(Items listed in a dataset)
lemma pcompose_square_pcompose_neg_var:
  fixes p :: "'a :: comm_ring_1 poly"
  shows "p \<circ>\<^sub>p [:0, 0, 1:] \<circ>\<^sub>p [:0, -1:] = p \<circ>\<^sub>p [:0, 0, 1:]"
  by (simp add: pcompose_pCons flip: pcompose_assoc)

lemma pcompose_square_even_odd_norm:
  fixes e d :: "'a :: comm_ring_1 poly"
  defines "p \<equiv> e \<circ>\<^sub>p [:0, 0, 1:] + [:0, 1:] * (d \<circ>\<^sub>p [:0, 0, 1:])"
  shows "(e * e - [:0, 1:] * d * d) \<circ>\<^sub>p [:0, 0, 1:] = p * (p \<circ>\<^sub>p [:0, -1:])"
proof -
  define E D where "E = e \<circ>\<^sub>p [:0, 0, 1:]" and "D = d \<circ>\<^sub>p [:0, 0, 1:]"
  have reflected: "p \<circ>\<^sub>p [:0, -1:] = E - [:0, 1:] * D"
    unfolding p_def pcompose_add pcompose_mult pcompose_square_pcompose_neg_var E_def D_def by (simp add: pcompose_pCons)
  have "(e * e - [:0, 1:] * d * d) \<circ>\<^sub>p [:0, 0, 1:] = E * E - ([:0, 1:] * [:0, 1:]) * D * D"
    unfolding E_def D_def by (simp add: pcompose_diff pcompose_mult pcompose_pCons)
  also have "\<dots> = (E + [:0, 1:] * D) * (E - [:0, 1:] * D)"
    by (simp only: algebra_simps)
  finally show ?thesis using reflected unfolding p_def E_def D_def by (simp only:)
qed


lemma irreducible_involution_iff:
  fixes f :: "'a :: algebraic_semidom \<Rightarrow> 'a"
  assumes mult: "\<And>x y. f (x * y) = f x * f y" and invol: "\<And>x. f (f x) = x"
    and one: "f 1 = 1" and zero: "f 0 = 0"
  shows "irreducible (f x) \<longleftrightarrow> irreducible x"
proof -
  have unit: "is_unit (f u)" if "is_unit u" for u
    using that by (metis dvdE dvdI mult one)
  have "irreducible (f x)" if "irreducible x" for x
  proof (rule irreducibleI)
    show "f x \<noteq> 0" using that zero invol by (metis irreducible_def)
    show "\<not> is_unit (f x)" using that unit invol by (metis irreducible_def)
    fix a b assume "f x = a * b"
    then have "x = f a * f b" using invol mult by metis
    then have "is_unit (f a) \<or> is_unit (f b)" using that by (simp add: irreducible_def)
    then show "is_unit a \<or> is_unit b" using unit invol by metis
  qed
  then show ?thesis using invol by metis
qed

lemma is_unit_pcompose_square_imp_is_unit:
  fixes p :: "'a :: {idom_divide, algebraic_semidom} poly"
  assumes "is_unit (p \<circ>\<^sub>p [:0, 0, 1:])"
  shows "is_unit p"
proof -
  obtain c where c: "p \<circ>\<^sub>p [:0, 0, 1:] = [:c:]" "is_unit c" using assms by (rule is_unit_polyE)
  then have "degree p = 0" using degree_pcompose[of p "[:0, 0, 1:]"] by simp
  then obtain a where "p = [:a:]" by (elim degree_eq_zeroE)
  with c show ?thesis by (simp add: is_unit_const_poly_iff)
qed

text \<open>If \<open>P(x\<^sup>2) = Q(x) Q(-x)\<close> with \<open>Q\<close> prime, a factorisation \<open>P = F G\<close> puts \<open>Q\<close> into, say,
  \<open>F(x\<^sup>2)\<close>; the cofactor of \<open>Q\<close> there is then either a unit, which makes \<open>Q\<close> even, or all of
  \<open>Q(-x)\<close>, which makes \<open>G(x\<^sup>2)\<close> and hence \<open>G\<close> a unit.\<close>
lemma irreducible_if_pcompose_square_eq_mult_reflection:
  fixes P Q :: "'a :: {idom_divide, algebraic_semidom} poly"
  assumes prime: "prime_elem Q" and not_even: "Q \<circ>\<^sub>p [:0, -1:] \<noteq> Q"
    and P: "P \<circ>\<^sub>p [:0, 0, 1:] = Q * (Q \<circ>\<^sub>p [:0, -1:])"
  shows "irreducible P"
proof -
  define refl :: "'a poly \<Rightarrow> 'a poly" where "refl p = p \<circ>\<^sub>p [:0, -1:]" for p
  have refl_mult: "refl (p * q) = refl p * refl q" for p q
    unfolding refl_def by (rule pcompose_mult)
  have refl_sq: "refl (p \<circ>\<^sub>p [:0, 0, 1:]) = p \<circ>\<^sub>p [:0, 0, 1:]" for p
    unfolding refl_def by (rule pcompose_square_pcompose_neg_var)
  have refl_refl: "refl (refl p) = p" for p
    unfolding refl_def by (simp only: pcompose_neg_var_neg_var pcompose_idR flip: pcompose_assoc)
  have irr_refl: "irreducible (refl Q)"
    using irreducible_involution_iff[of refl, OF refl_mult refl_refl] prime
    by (simp add: refl_def prime_elem_imp_irreducible)
  have cofactor_unit: "is_unit G"
    if "F \<circ>\<^sub>p [:0, 0, 1:] * (G \<circ>\<^sub>p [:0, 0, 1:]) = Q * refl Q" "Q dvd F \<circ>\<^sub>p [:0, 0, 1:]" for F G
  proof -
    obtain H where H: "F \<circ>\<^sub>p [:0, 0, 1:] = Q * H" using \<open>Q dvd _\<close> by (elim dvdE)
    have "Q \<noteq> 0" using prime by (simp add: prime_elem_def)
    then have "H * (G \<circ>\<^sub>p [:0, 0, 1:]) = refl Q" using that(1) H by (simp add: mult.assoc)
    then consider "is_unit H" | "is_unit (G \<circ>\<^sub>p [:0, 0, 1:])"
      using irr_refl by (metis irreducibleD)
    then show ?thesis
    proof cases
      case 1
      then obtain c where "H = [:c:]" by (elim is_unit_polyE)
      then have "refl H = H" by (simp add: refl_def)
      then have "refl Q * H = Q * H" by (metis H refl_mult refl_sq)
      then have "refl Q = Q" using \<open>is_unit H\<close> by auto
      with not_even show ?thesis by (simp add: refl_def)
    qed (rule is_unit_pcompose_square_imp_is_unit)
  qed
  show ?thesis
  proof (rule irreducibleI)
    have "degree Q \<noteq> 0" using not_even by (metis degree_eq_zeroE pcompose_const)
    then have "degree (P \<circ>\<^sub>p [:0, 0, 1:]) \<noteq> 0"
      using P prime irr_refl by (simp add: degree_mult_eq prime_elem_def irreducible_def refl_def)
    then show "P \<noteq> 0" "\<not> is_unit P"
      by (auto simp: degree_pcompose elim: is_unit_polyE)
  next
    fix F G assume "P = F * G"
    then have FG: "F \<circ>\<^sub>p [:0, 0, 1:] * (G \<circ>\<^sub>p [:0, 0, 1:]) = Q * refl Q"
      using P by (simp add: pcompose_mult refl_def)
    then have "Q dvd F \<circ>\<^sub>p [:0, 0, 1:] \<or> Q dvd G \<circ>\<^sub>p [:0, 0, 1:]"
      using prime by (metis dvd_triv_left prime_elem_dvd_mult_iff)
    then show "is_unit F \<or> is_unit G"
      using cofactor_unit[OF FG] cofactor_unit[of G F] FG by (auto simp: mult.commute)
  qed
qed

abbreviation pcompose_coeffs :: "'a :: comm_ring_1 poly \<Rightarrow> 'a poly poly \<Rightarrow> 'a poly poly" where
  "pcompose_coeffs q \<equiv> map_poly (\<lambda>c. c \<circ>\<^sub>p q)"

interpretation pcompose_coeffs_hom: map_poly_comm_ring_hom "\<lambda>c :: 'a :: comm_ring_1 poly. c \<circ>\<^sub>p q"
  for q ..

lemma pcompose_coeffs_pcompose_coeffs:
  "pcompose_coeffs q (pcompose_coeffs r P) = pcompose_coeffs (r \<circ>\<^sub>p q) P"
  by (rule poly_eqI) (simp add: coeff_map_poly pcompose_assoc)

lemma pcompose_coeffs_var: "pcompose_coeffs [:0, 1:] P = P"
  by (rule poly_eqI) (metis coeff_map_poly pcompose_0 pcompose_idR)

lemma pcompose_coeffs_const: "pcompose_coeffs q [:[:a:]:] = [:[:a:]:]"
  by (rule poly_eqI) (simp add: coeff_map_poly coeff_pCons split: nat.split)

lemma pcompose_coeffs_eq_iff:
  fixes q :: "'a :: idom poly"
  assumes "degree q > 0"
  shows "pcompose_coeffs q X = pcompose_coeffs q Y \<longleftrightarrow> X = Y"
proof
  assume eq: "pcompose_coeffs q X = pcompose_coeffs q Y"
  show "X = Y"
  proof (rule poly_eqI)
    fix i
    have "(coeff X i - coeff Y i) \<circ>\<^sub>p q = 0"
      using arg_cong[OF eq, of "\<lambda>P. coeff P i"] by (simp add: coeff_map_poly pcompose_diff)
    from pcompose_eq_0[OF this assms] show "coeff X i = coeff Y i" by simp
  qed
qed simp

lemma const_var_dvd_iff:
  fixes P :: "'a :: idom poly poly"
  shows "[:[:0, 1:]:] dvd P \<longleftrightarrow> (\<forall>i. poly (coeff P i) 0 = 0)"
  by (simp add: const_poly_dvd_iff poly_eq_0_iff_dvd)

EXERCISE REQUIREMENTS: Above are the records. Print exactly, and only, the lines from the line with "then obtain a" to the line with "text \<open>If \<open>P(x\<^sup>2)", both inclusive.

SOLUTION:
  then obtain a where "p = [:a:]" by (elim degree_eq_zeroE)
  with c show ?thesis by (simp add: is_unit_const_poly_iff)
qed

text \<open>If \<open>P(x\<^sup>2) = Q(x) Q(-x)\<close> with \<open>Q\<close> prime, a factorisation \<open>P = F G\<close> puts \<open>Q\<close> into, say,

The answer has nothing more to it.